Abstract
Introduction:
Attention-Deficit Hyperactivity Disorder (ADHD) is a prevalent neurodevelopmental condition characterized by enduring patterns of inattention, impulsivity, and hyperactivity, with considerable variability in cognitive and developmental outcomes across individuals1. This study compared the cognitive profiles of children with ADHD and typically developing children (TDC) using the Wechsler Intelligence Scale for Children–Fourth Edition (WISC-IV).
Materials and Methods:
Fifty-one children (26 with ADHD, 25 TDC; age range 7–13 years 11 months) were assessed on domains such as Verbal Comprehension, Perceptual Reasoning, Working Memory and Processing Speed. Non-parametric Mann–Whitney U tests were conducted to examine differences in WISC-IV subtest scores and Full-Scale Intelligence Quotient (FSIQ) between the groups. Demographic variables (sex, family type, and socio-economic status) were also examined.
Results:
Children with ADHD showed significantly lower FSIQ (Mdn = 92.5) than TDC (Mdn = 103; U = 128.50, p < .001, r = .60). Pronounced deficits were evident in Working Memory subtests (Digit Span: r = .90; Letter-Number Sequencing: r = .99). Significant differences also emerged on Picture Concepts (p = .03), Matrix Reasoning (p = .002), and unexpectedly Symbol Search, on which the ADHD group scored higher (Mdn = 11.5 vs. 9, p = .002, r = .49). No significant differences were found for sex, family type, or socio-economic status on FSIQ.
Discussion:
The findings reveal a distinct cognitive profile in Indian children with ADHD characterized by severe working-memory deficits and relative preservation of verbal comprehension, alongside novel observations on perceptual reasoning and processing-speed subtests. These domain-specific impairments have important implications for designing targeted, culturally responsive interventions.
Keywords
Background
Attention-Deficit Hyperactivity Disorder (ADHD) is a prevalent neurodevelopmental condition that is characterized by enduring patterns of inattention, impulsivity, and hyperactivity, with considerable variability in cognitive and developmental outcomes across individuals. 1 Beyond its hallmark behavioral symptoms, ADHD is increasingly recognized for its complex cognitive profile, notably encompassing deficits in executive functioning, Working Memory (WMI), and Processing Speed (PSI). 2
The International Classification of Diseases, 10th Revision, emphasizes the importance of characterizing functional impairments and developmental profiles in neurodevelopmental disorders, comprehensive cognitive assessment has become central to both diagnostic formulation and intervention planning. Among available tools, the Wechsler Intelligence Scale for Children-IV (WISC-IV) remains the most widely utilized instrument for assessing cognitive functioning in school-aged children. By restructuring intelligence assessment into four distinct indexes: Verbal Comprehension (VCI), Perceptual Reasoning (PRI), WMI, and PSI, the WISC-IV provides a more nuanced and clinically informative portrait of cognitive strengths and vulnerabilities. 3
Prior research suggests that children with ADHD often demonstrate a distinct cognitive signature on the WISC-IV, marked by relative weaknesses in WMI and PSI when compared to their verbal and PRI abilities.4,5 Nonetheless, findings across studies have been mixed, underscoring the need for further research that carefully accounts for sample characteristics, cultural contexts, and comorbid conditions.

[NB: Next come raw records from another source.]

(* Let $\mathcal{P}=(\{\mathcal{E}_k:k\in K\},\{M_0,M_1\})$ be a concurrent quantum program with $K=\{1,\dots,m\}$ on a Hilbert space $\mathcal{H}$ of finite dimension $d$, with initial density operator $\rho_0$. Let $\mathcal{G}=\sum_{i=0}^{d-1}\big(\sum_{k=1}^m\mathcal{F}_k\big)^i$ and, for each permutation $p=p_1p_2\cdots p_m\in P_K$, let $\mathcal{F}_p'=\mathcal{F}_{p_m}\circ\mathcal{G}\circ\mathcal{F}_{p_{m-1}}\circ\cdots\circ\mathcal{F}_{p_2}\circ\mathcal{G}\circ\mathcal{F}_{p_1}$. Let $M$ be the matrix representation of $\sum_{p\in P_K}\mathcal{F}'_p$. Then $\mathcal{P}$ with input $\rho_0$ terminates in the fair schedule $F$ if and only if $M^d(\rho_0\otimes I)|\Phi\rangle=0$, equivalently iff $\big(\sum_{p\in P_K}\mathcal{F}'_p\big)^d(\rho_0)=0$.
   Context: $\mathcal{H}$ is a complex Hilbert space of finite dimension $d\ge1$ with orthonormal basis $\{|j\rangle\}$, and $|\Phi\rangle=\sum_j|j\rangle|j\rangle$. A super-operator is a completely positive trace-non-increasing linear map on operators on $\mathcal{H}$, with Kraus form $\mathcal{E}(\rho)=\sum_iE_i\rho E_i^\dagger$; its matrix representation is $\sum_iE_i\otimes E_i^*$ ($E^*$ entrywise complex conjugate), and for any CP linear map written in Kraus form the same definition applies. A concurrent quantum program is $\mathcal{P}=(\{\mathcal{E}_k:k\in K\},\{M_0,M_1\})$ with trace-preserving super-operators $\mathcal{E}_k$ and $M_0^\dagger M_0+M_1^\dagger M_1=I$. $\mathcal{F}_k(\rho)=\mathcal{E}_k(M_1\rho M_1^\dagger)$; for a finite string $f=s_1\cdots s_n$, $\mathcal{F}_f=\mathcal{F}_{s_n}\circ\cdots\circ\mathcal{F}_{s_1}$; powers denote iterated composition, the $0$th power the identity. For $s\in K^\omega$, $s[n]$ is its length-$n$ prefix. $\mathcal{P}$ with input $\rho_0$ terminates in a schedule $A\subseteq K^\omega$ if for every $s\in A$ there is $n\ge1$ with $\mathcal{F}_{s[n]}(\rho_0)=0$. $F$ is the set of infinite paths in which every $k\in K$ occurs infinitely often. $P_K$ is the set of permutations of $K$ as strings of length $m$. *)

theory Defs
  imports "HOL-Analysis.Analysis"
begin
(* Let $\mathcal D_2:=\{y\in\mathbb C:(\Im y)^2<(\lambda_1+\lambda_2)\Re y+\frac14\lambda_2(2\lambda_1+\lambda_2)\}$. Then $\mathcal D_2\subset S$, where $S$ is the set defined below; consequently $\widehat{\boldsymbol\nu}_1$ extends to an analytic function on $\mathcal D_2$.
   Context: Let $\lambda_1,\lambda_2>0$ (with $\lambda_1=2(\delta_2-\delta_1)$, $\lambda_2=2(\delta_3-\delta_2)$ for reals $\delta_1<\delta_2<\delta_3$). $\widehat{\boldsymbol\nu}_1(y)=\int_0^\infty e^{-yu}\boldsymbol\nu_1(du)$ is the Laplace transform of the lateral measure $\boldsymbol\nu_1$ of the stationary gap process $(G,H)$ of the degenerate rank-based three-particle system, i.e. the solution of $G(t)=G(0)-\tfrac{\lambda_1}{2}t-W(t)-\tfrac12L^H(t)+L^G(t)$, $H(t)=H(0)-\tfrac{\lambda_2}{2}t+W(t)-\tfrac12L^G(t)+L^H(t)$ ($W$ a standard Brownian motion, $L^Z$ the local time of $Z$ at $0$), with invariant law $\boldsymbol\pi$, $\boldsymbol\nu_1(A)=\mathbb E^{\boldsymbol\pi}\int_0^2\mathbf 1_A(H(t))dL^G(t)$, $\boldsymbol\nu_2(A)=\mathbb E^{\boldsymbol\pi}\int_0^2\mathbf 1_A(G(t))dL^H(t)$; these satisfy the BAR $[(x-y)^2+\lambda_1x+\lambda_2y]\widehat{\boldsymbol\pi}(x,y)=(x-\tfrac y2)\widehat{\boldsymbol\nu}_1(y)+(y-\tfrac x2)\widehat{\boldsymbol\nu}_2(x)$ on $[0,\infty)^2$. Let $y^+=\lambda_1^2/(4(\lambda_1+\lambda_2))$, $A_1^+(y)=-\frac{\lambda_1}2+y+\sqrt{\frac{\lambda_1^2}4-(\lambda_1+\lambda_2)y}$ (principal square root, analytic on $\mathbb C\setminus[y^+,\infty)$, with $\Re A_1^+(y):=y-\lambda_1/2$ on the cut), and $S:=\{\Re y\ge0\}\cup\{\Re A_1^+(y)>0\}$, an open connected set to which $\widehat{\boldsymbol\nu}_1$ extends analytically. *)

theory Defs
  imports "HOL-Analysis.Analysis"
begin

text \<open>On the cut y real > y^+ the radicand is a negative real, csqrt is purely imaginary,
 so Re A_1^+(y) = y - l1/2, matching the paper's convention.\<close>
definition A1plus :: "real \<Rightarrow> real \<Rightarrow> complex \<Rightarrow> complex" where
  "A1plus l1 l2 y = - complex_of_real (l1 / 2) + y
      + csqrt (complex_of_real (l1\<^sup>2 / 4) - complex_of_real (l1 + l2) * y)"

definition S_dom :: "real \<Rightarrow> real \<Rightarrow> complex set" where
  "S_dom l1 l2 = {y. Re y \<ge> 0} \<union> {y. Re (A1plus l1 l2 y) > 0}"

definition D2_dom :: "real \<Rightarrow> real \<Rightarrow> complex set" where
  "D2_dom l1 l2 = {y. (Im y)\<^sup>2 < (l1 + l2) * Re y + (1/4) * l2 * (2 * l1 + l2)}"

end

theory Submission
  imports Defs
begin

text \<open>Only the real part of \<open>y\<close> matters. On \<open>\<D>\<^sub>2\<close> we have \<open>Re y > -\<lambda>\<^sub>2\<close>. If moreover
  \<open>a = Re y < 0\<close>, the radicand \<open>w\<close> in \<open>A\<^sub>1\<^sup>+(y)\<close> satisfies
  \<open>Re w = (\<lambda>\<^sub>1/2 - a)\<^sup>2 - a (a + \<lambda>\<^sub>2) > (\<lambda>\<^sub>1/2 - a)\<^sup>2\<close>, and since \<open>(Re (csqrt w))\<^sup>2 \<ge> Re w\<close>
  this forces \<open>Re (csqrt w) > \<lambda>\<^sub>1/2 - a\<close>, i.e. \<open>Re A\<^sub>1\<^sup>+(y) > 0\<close>.\<close>

lemma Re_csqrt_gt:
  fixes w :: complex and c :: real
  assumes "0 \<le> c" and "c\<^sup>2 < Re w"
  shows "c < Re (csqrt w)"
proof -
  have "Re w = (Re (csqrt w))\<^sup>2 - (Im (csqrt w))\<^sup>2"
    by (metis Re_power2 power2_csqrt)
  then have "c\<^sup>2 < (Re (csqrt w))\<^sup>2"
    using assms(2) by (smt (verit) zero_le_power2)
  then show ?thesis
    using Re_csqrt power_less_imp_less_base by blast
qed

lemma Re_A1plus_pos:
  assumes "0 \<le> l1" and "- l2 < Re y" and "Re y < 0"
  shows "0 < Re (A1plus l1 l2 y)"
proof -
  define a where "a = Re y"
  define w where "w = complex_of_real (l1\<^sup>2 / 4) - complex_of_real (l1 + l2) * y"
  have "a * (a + l2) < 0"
    using assms unfolding a_def by (intro mult_neg_pos) auto
  moreover have "Re w = (l1/2 - a)\<^sup>2 - a * (a + l2)"
    unfolding w_def a_def by (simp add: power2_eq_square algebra_simps)
  ultimately have "l1/2 - a < Re (csqrt w)"
    using assms unfolding a_def by (intro Re_csqrt_gt) auto
  then show ?thesis
    unfolding A1plus_def w_def[symmetric] a_def by simp
qed

lemma D2_dom_Re_gt:
  assumes "0 < l1" and "0 < l2" and "y \<in> D2_dom l1 l2"
  shows "- l2 < Re y"
proof (rule ccontr)
  assume "\<not> - l2 < Re y"
  then have "(l1 + l2) * Re y \<le> (l1 + l2) * (- l2)"
    using assms by (intro mult_left_mono) auto
  moreover have "0 < (l1 + l2) * Re y + 1/4 * l2 * (2 * l1 + l2)"
    using assms(3) unfolding D2_dom_def by (smt (verit) mem_Collect_eq zero_le_power2)
  moreover have "(l1 + l2) * (- l2) + 1/4 * l2 * (2 * l1 + l2) = - (l2 * (2 * l1 + 3 * l2)) / 4"
    by (simp add: algebra_simps)
  moreover have "0 < l2 * (2 * l1 + 3 * l2)"
    using assms by simp
  ultimately show False
    by linarith
qed

theorem mainTheorem10:
  fixes l1 l2 :: real
  assumes "l1 > 0" and "l2 > 0"
  shows "D2_dom l1 l2 \<subseteq> S_dom l1 l2"
proof
  fix y assume "y \<in> D2_dom l1 l2"
  with assms have "- l2 < Re y"
    by (rule D2_dom_Re_gt)
  then have "0 \<le> Re y \<or> 0 < Re (A1plus l1 l2 y)"
    using assms Re_A1plus_pos[of l1 l2 y] by linarith
  then show "y \<in> S_dom l1 l2"
    unfolding S_dom_def by blast
qed

end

Mapping the cognitive profiles of children with ADHD, particularly in comparison to those of typically developing children (TDC), is critical for advancing our understanding of ADHD’s neurocognitive underpinnings and for informing individualized educational and clinical interventions. Previous work on autism spectrum disorders, for instance, has demonstrated that WISC-IV profiles can meaningfully capture neurodevelopmental cognitive differences when analyzed with attention to test structure and subgroup characteristics. 6 These findings highlight the potential value of extending a similarly detailed, contextually informed exploration to the domain of ADHD.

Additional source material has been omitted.